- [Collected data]

(* Suppose $x\in[1,2]^6$. Then $\frac{\partial\phi}{\partial x_j}(x)\ge0$ for each $j\in\{2,3,5,6\}$. In particular, for all $k_j\in[x_j,2]$, $j\in\{2,3,5,6\}$, $$\phi(x_1,x_2,x_3,x_4,x_5,x_6)\le\phi(x_1,k_2,k_3,x_4,k_5,k_6).$$
   Context: For $x=(x_1,\dots,x_6)\in\mathbb{R}^6_{\ge1}$ define $$\phi(x)=\frac{x_2x_3+x_5x_6+x_1x_2x_5+x_1x_3x_6-x_1^2x_4+x_4}{\sqrt{2x_1x_2x_6+x_1^2+x_2^2+x_6^2-1}\sqrt{2x_1x_3x_5+x_1^2+x_3^2+x_5^2-1}}.$$ *)

theory Defs
  imports Complex_Main
begin

definition phi :: "real \<Rightarrow> real \<Rightarrow> real \<Rightarrow> real \<Rightarrow> real \<Rightarrow> real \<Rightarrow> real" where
  "phi x1 x2 x3 x4 x5 x6 =
     (x2*x3 + x5*x6 + x1*x2*x5 + x1*x3*x6 - x1^2*x4 + x4) /
     (sqrt (2*x1*x2*x6 + x1^2 + x2^2 + x6^2 - 1) * sqrt (2*x1*x3*x5 + x1^2 + x3^2 + x5^2 - 1))"

end

theory Submission
  imports Defs
begin

text \<open>As a function of \<open>x2\<close> alone, \<open>phi\<close> has the form \<open>(p t + q) / (c sqrt (t\<^sup>2 + 2 r t + s))\<close>,
whose derivative has the affine numerator \<open>(p r - q) t + p s - q r\<close>. For \<open>phi\<close> this numerator
factors as \<open>(x1\<^sup>2 - 1) (x5 (x2 x6 + x1) + x4 (x1 x6 + x2) - x3 (x6\<^sup>2 - 1))\<close>; on \<open>[1,2]\<^sup>6\<close> each of
the first two summands is at least \<open>x6 + 1\<close> and the last is at most \<open>2 (x6 + 1)\<close>.
The symmetries \<open>(x2 x3)(x5 x6)\<close> and \<open>(x2 x6)(x3 x5)\<close> of \<open>phi\<close> carry this over to \<open>x3\<close>, \<open>x5\<close>
and \<open>x6\<close>, and the inequality follows by raising one coordinate at a time.\<close>

lemma has_real_derivative_affine_div_sqrt_quadratic:
  fixes p q r s t :: real
  assumes pos: "0 < t\<^sup>2 + 2*r*t + s"
  shows "((\<lambda>t. (p*t + q) / sqrt (t\<^sup>2 + 2*r*t + s)) has_real_derivative
           ((p*r - q)*t + p*s - q*r) / ((t\<^sup>2 + 2*r*t + s) * sqrt (t\<^sup>2 + 2*r*t + s))) (at t)"
proof -
  define g where "g = t\<^sup>2 + 2*r*t + s"
  have "((\<lambda>t. (p*t + q) / sqrt (t\<^sup>2 + 2*r*t + s)) has_real_derivative
           (p * sqrt g - (p*t + q) * ((2*t + 2*r) / (2 * sqrt g))) / (sqrt g)\<^sup>2) (at t)"
    using pos unfolding g_def by (auto intro!: derivative_eq_intros simp: divide_simps)
  moreover have "(p * sqrt g - (p*t + q) * ((2*t + 2*r) / (2 * sqrt g))) / (sqrt g)\<^sup>2
      = ((p*r - q)*t + p*s - q*r) / (g * sqrt g)"
  proof -
    have "g > 0" "sqrt g * sqrt g = g" using pos by (simp_all add: g_def)
    then show ?thesis by (simp add: field_simps power2_eq_square) (simp add: g_def algebra_simps power2_eq_square)
  qed
  ultimately show ?thesis unfolding g_def by (rule DERIV_cong)
qed

lemma phi_has_real_derivative_x2:
  fixes x1 x2 x3 x4 x5 x6 :: real
  defines "R \<equiv> 2*x1*x2*x6 + x1\<^sup>2 + x2\<^sup>2 + x6\<^sup>2 - 1"
  assumes "0 < R"
  shows "((\<lambda>t. phi x1 t x3 x4 x5 x6) has_real_derivative
     (x1\<^sup>2 - 1) * (x5*(x2*x6 + x1) + x4*(x1*x6 + x2) - x3*(x6\<^sup>2 - 1))
       / (R * sqrt R * sqrt (2*x1*x3*x5 + x1\<^sup>2 + x3\<^sup>2 + x5\<^sup>2 - 1))) (at x2)"
proof -
  define p where "p = x3 + x1*x5"
  define q where "q = x5*x6 + x1*x3*x6 - x1\<^sup>2*x4 + x4"
  define r where "r = x1*x6"
  define s where "s = x1\<^sup>2 + x6\<^sup>2 - 1"
  define c where "c = sqrt (2*x1*x3*x5 + x1\<^sup>2 + x3\<^sup>2 + x5\<^sup>2 - 1)"
  have R_eq: "R = x2\<^sup>2 + 2*r*x2 + s"
    by (simp add: R_def r_def s_def algebra_simps)
  have phi_eq: "(\<lambda>t. phi x1 t x3 x4 x5 x6) = (\<lambda>t. (p*t + q) / sqrt (t\<^sup>2 + 2*r*t + s) / c)"
    by (simp add: phi_def p_def q_def r_def s_def c_def algebra_simps)
  have "(p*r - q)*x2 + p*s - q*r = (x1\<^sup>2 - 1) * (x5*(x2*x6 + x1) + x4*(x1*x6 + x2) - x3*(x6\<^sup>2 - 1))"
    by (simp add: p_def q_def r_def s_def algebra_simps power2_eq_square)
  then show ?thesis
    using DERIV_cdivide[OF has_real_derivative_affine_div_sqrt_quadratic, of x2 r s p q c] \<open>0 < R\<close>
    by (simp add: phi_eq R_eq c_def)
qed

lemma phi_radicand_pos:
  fixes a b c :: real
  assumes "1 \<le> a" "0 \<le> b" "0 < c"
  shows "0 < 2*a*b*c + a\<^sup>2 + b\<^sup>2 + c\<^sup>2 - 1"
proof -
  have "1 \<le> a\<^sup>2" using assms(1) by (simp add: one_le_power)
  moreover have "0 \<le> 2*a*b*c" using assms by simp
  moreover have "0 < c\<^sup>2" using assms(3) by simp
  ultimately show ?thesis by (smt (verit) zero_le_power2)
qed

lemma phi_x2_numerator_nonneg:
  fixes x1 x2 x3 x4 x5 x6 :: real
  assumes "1 \<le> x1" "1 \<le> x2" "x3 \<le> 2" "1 \<le> x4" "1 \<le> x5" "1 \<le> x6" "x6 \<le> 2"
  shows "0 \<le> x5*(x2*x6 + x1) + x4*(x1*x6 + x2) - x3*(x6\<^sup>2 - 1)"
proof -
  have "x6 \<le> x2*x6" "x6 \<le> x1*x6"
    using assms by (simp_all add: mult_le_cancel_right1)
  moreover have "0 \<le> x2*x6 + x1" "0 \<le> x1*x6 + x2"
    using assms by auto
  ultimately have "x2*x6 + x1 \<le> x5*(x2*x6 + x1)" "x1*x6 + x2 \<le> x4*(x1*x6 + x2)"
    using assms mult_right_mono[of 1 x5 "x2*x6 + x1"] mult_right_mono[of 1 x4 "x1*x6 + x2"] by auto
  then have "x6 + 1 \<le> x5*(x2*x6 + x1)" "x6 + 1 \<le> x4*(x1*x6 + x2)"
    using \<open>x6 \<le> x2*x6\<close> \<open>x6 \<le> x1*x6\<close> assms by linarith+
  moreover have "x3*(x6\<^sup>2 - 1) \<le> 2*(x6 + 1)"
  proof -
    have "0 \<le> x6\<^sup>2 - 1" using assms by (simp add: one_le_power)
    then have "x3*(x6\<^sup>2 - 1) \<le> 2*(x6\<^sup>2 - 1)" using assms(3) by (intro mult_right_mono)
    also have "\<dots> = (x6 - 1) * (2*(x6 + 1))" by (simp add: algebra_simps power2_eq_square)
    also have "\<dots> \<le> 2*(x6 + 1)" using assms by (intro mult_left_le_one_le) auto
    finally show ?thesis .
  qed
  ultimately show ?thesis by argo
qed

lemma phi_deriv_x2_nonneg:
  fixes x1 x2 x3 x4 x5 x6 :: real
  assumes "x1 \<in> {1..2}" "x2 \<in> {1..2}" "x3 \<in> {1..2}"
      and "x4 \<in> {1..2}" "x5 \<in> {1..2}" "x6 \<in> {1..2}"
  shows "\<exists>D. ((\<lambda>t. phi x1 t x3 x4 x5 x6) has_real_derivative D) (at x2) \<and> 0 \<le> D"
proof -
  have R2: "0 < 2*x1*x2*x6 + x1\<^sup>2 + x2\<^sup>2 + x6\<^sup>2 - 1"
   and R3: "0 < 2*x1*x3*x5 + x1\<^sup>2 + x3\<^sup>2 + x5\<^sup>2 - 1"
    using assms by (intro phi_radicand_pos; simp)+
  have "0 \<le> x1\<^sup>2 - 1" using assms by (simp add: one_le_power)
  moreover have "0 \<le> x5*(x2*x6 + x1) + x4*(x1*x6 + x2) - x3*(x6\<^sup>2 - 1)"
    using assms by (intro phi_x2_numerator_nonneg) auto
  ultimately show ?thesis
    using phi_has_real_derivative_x2[OF R2, of x3 x4 x5] R2 R3 by (fastforce intro: divide_nonneg_pos)
qed

lemma phi_swap_23_65: "phi x1 x2 x3 x4 x5 x6 = phi x1 x3 x2 x4 x6 x5"
  unfolding phi_def by (simp add: algebra_simps)

lemma phi_swap_26_35: "phi x1 x2 x3 x4 x5 x6 = phi x1 x6 x5 x4 x3 x2"
  unfolding phi_def by (simp add: algebra_simps)

lemma phi_mono_x2:
  fixes x1 x2 x3 x4 x5 x6 k :: real
  assumes "x1 \<in> {1..2}" "x2 \<in> {1..2}" "x3 \<in> {1..2}"
      and "x4 \<in> {1..2}" "x5 \<in> {1..2}" "x6 \<in> {1..2}" "k \<in> {x2..2}"
  shows "phi x1 x2 x3 x4 x5 x6 \<le> phi x1 k x3 x4 x5 x6"
  using assms by (intro DERIV_nonneg_imp_nondecreasing[where f = "\<lambda>t. phi x1 t x3 x4 x5 x6"])
    (auto intro!: phi_deriv_x2_nonneg)

theorem lemma3p4:
  fixes x1 x2 x3 x4 x5 x6 :: real
  assumes "x1 \<in> {1..2}" "x2 \<in> {1..2}" "x3 \<in> {1..2}"
      and "x4 \<in> {1..2}" "x5 \<in> {1..2}" "x6 \<in> {1..2}"
  shows "(\<exists>D. ((\<lambda>t. phi x1 t x3 x4 x5 x6) has_real_derivative D) (at x2) \<and> D \<ge> 0)
       \<and> (\<exists>D. ((\<lambda>t. phi x1 x2 t x4 x5 x6) has_real_derivative D) (at x3) \<and> D \<ge> 0)
       \<and> (\<exists>D. ((\<lambda>t. phi x1 x2 x3 x4 t x6) has_real_derivative D) (at x5) \<and> D \<ge> 0)
       \<and> (\<exists>D. ((\<lambda>t. phi x1 x2 x3 x4 x5 t) has_real_derivative D) (at x6) \<and> D \<ge> 0)
       \<and> (\<forall>k2 k3 k5 k6. k2 \<in> {x2..2} \<longrightarrow> k3 \<in> {x3..2} \<longrightarrow> k5 \<in> {x5..2} \<longrightarrow> k6 \<in> {x6..2} \<longrightarrow>
            phi x1 x2 x3 x4 x5 x6 \<le> phi x1 k2 k3 x4 k5 k6)"
proof (intro conjI allI impI)
  have "(\<lambda>t. phi x1 x2 t x4 x5 x6) = (\<lambda>t. phi x1 t x2 x4 x6 x5)"
       "(\<lambda>t. phi x1 x2 x3 x4 t x6) = (\<lambda>t. phi x1 t x6 x4 x2 x3)"
       "(\<lambda>t. phi x1 x2 x3 x4 x5 t) = (\<lambda>t. phi x1 t x5 x4 x3 x2)"
    by (metis phi_swap_23_65 phi_swap_26_35)+
  then show "\<exists>D. ((\<lambda>t. phi x1 t x3 x4 x5 x6) has_real_derivative D) (at x2) \<and> D \<ge> 0"
    and "\<exists>D. ((\<lambda>t. phi x1 x2 t x4 x5 x6) has_real_derivative D) (at x3) \<and> D \<ge> 0"
    and "\<exists>D. ((\<lambda>t. phi x1 x2 x3 x4 t x6) has_real_derivative D) (at x5) \<and> D \<ge> 0"
    and "\<exists>D. ((\<lambda>t. phi x1 x2 x3 x4 x5 t) has_real_derivative D) (at x6) \<and> D \<ge> 0"
    using assms by (auto intro!: phi_deriv_x2_nonneg)
  fix k2 k3 k5 k6
  assume k: "k2 \<in> {x2..2}" "k3 \<in> {x3..2}" "k5 \<in> {x5..2}" "k6 \<in> {x6..2}"
  have "phi x1 x2 x3 x4 x5 x6 \<le> phi x1 k2 x3 x4 x5 x6"
    using assms k by (intro phi_mono_x2) auto
  also have "\<dots> = phi x1 x3 k2 x4 x6 x5" by (rule phi_swap_23_65)
  also have "\<dots> \<le> phi x1 k3 k2 x4 x6 x5" using assms k by (intro phi_mono_x2) auto
  also have "\<dots> = phi x1 x5 x6 x4 k2 k3" by (metis phi_swap_23_65 phi_swap_26_35)
  also have "\<dots> \<le> phi x1 k5 x6 x4 k2 k3" using assms k by (intro phi_mono_x2) auto
  also have "\<dots> = phi x1 x6 k5 x4 k3 k2" by (rule phi_swap_23_65)
  also have "\<dots> \<le> phi x1 k6 k5 x4 k3 k2" using assms k by (intro phi_mono_x2) auto
  also have "\<dots> = phi x1 k2 k3 x4 k5 k6" by (rule phi_swap_26_35[symmetric])
  finally show "phi x1 x2 x3 x4 x5 x6 \<le> phi x1 k2 k3 x4 k5 k6" .
qed

end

- [REQUIRED WORK]
Output, exactly and in full, the lines from the start of the entries above through the line that contains "the first two".

- [SOLUTION]
(* Suppose $x\in[1,2]^6$. Then $\frac{\partial\phi}{\partial x_j}(x)\ge0$ for each $j\in\{2,3,5,6\}$. In particular, for all $k_j\in[x_j,2]$, $j\in\{2,3,5,6\}$, $$\phi(x_1,x_2,x_3,x_4,x_5,x_6)\le\phi(x_1,k_2,k_3,x_4,k_5,k_6).$$
   Context: For $x=(x_1,\dots,x_6)\in\mathbb{R}^6_{\ge1}$ define $$\phi(x)=\frac{x_2x_3+x_5x_6+x_1x_2x_5+x_1x_3x_6-x_1^2x_4+x_4}{\sqrt{2x_1x_2x_6+x_1^2+x_2^2+x_6^2-1}\sqrt{2x_1x_3x_5+x_1^2+x_3^2+x_5^2-1}}.$$ *)

theory Defs
  imports Complex_Main
begin

definition phi :: "real \<Rightarrow> real \<Rightarrow> real \<Rightarrow> real \<Rightarrow> real \<Rightarrow> real \<Rightarrow> real" where
  "phi x1 x2 x3 x4 x5 x6 =
     (x2*x3 + x5*x6 + x1*x2*x5 + x1*x3*x6 - x1^2*x4 + x4) /
     (sqrt (2*x1*x2*x6 + x1^2 + x2^2 + x6^2 - 1) * sqrt (2*x1*x3*x5 + x1^2 + x3^2 + x5^2 - 1))"

end

theory Submission
  imports Defs
begin

text \<open>As a function of \<open>x2\<close> alone, \<open>phi\<close> has the form \<open>(p t + q) / (c sqrt (t\<^sup>2 + 2 r t + s))\<close>,
whose derivative has the affine numerator \<open>(p r - q) t + p s - q r\<close>. For \<open>phi\<close> this numerator
factors as \<open>(x1\<^sup>2 - 1) (x5 (x2 x6 + x1) + x4 (x1 x6 + x2) - x3 (x6\<^sup>2 - 1))\<close>; on \<open>[1,2]\<^sup>6\<close> each of
the first two summands is at least \<open>x6 + 1\<close> and the last is at most \<open>2 (x6 + 1)\<close>.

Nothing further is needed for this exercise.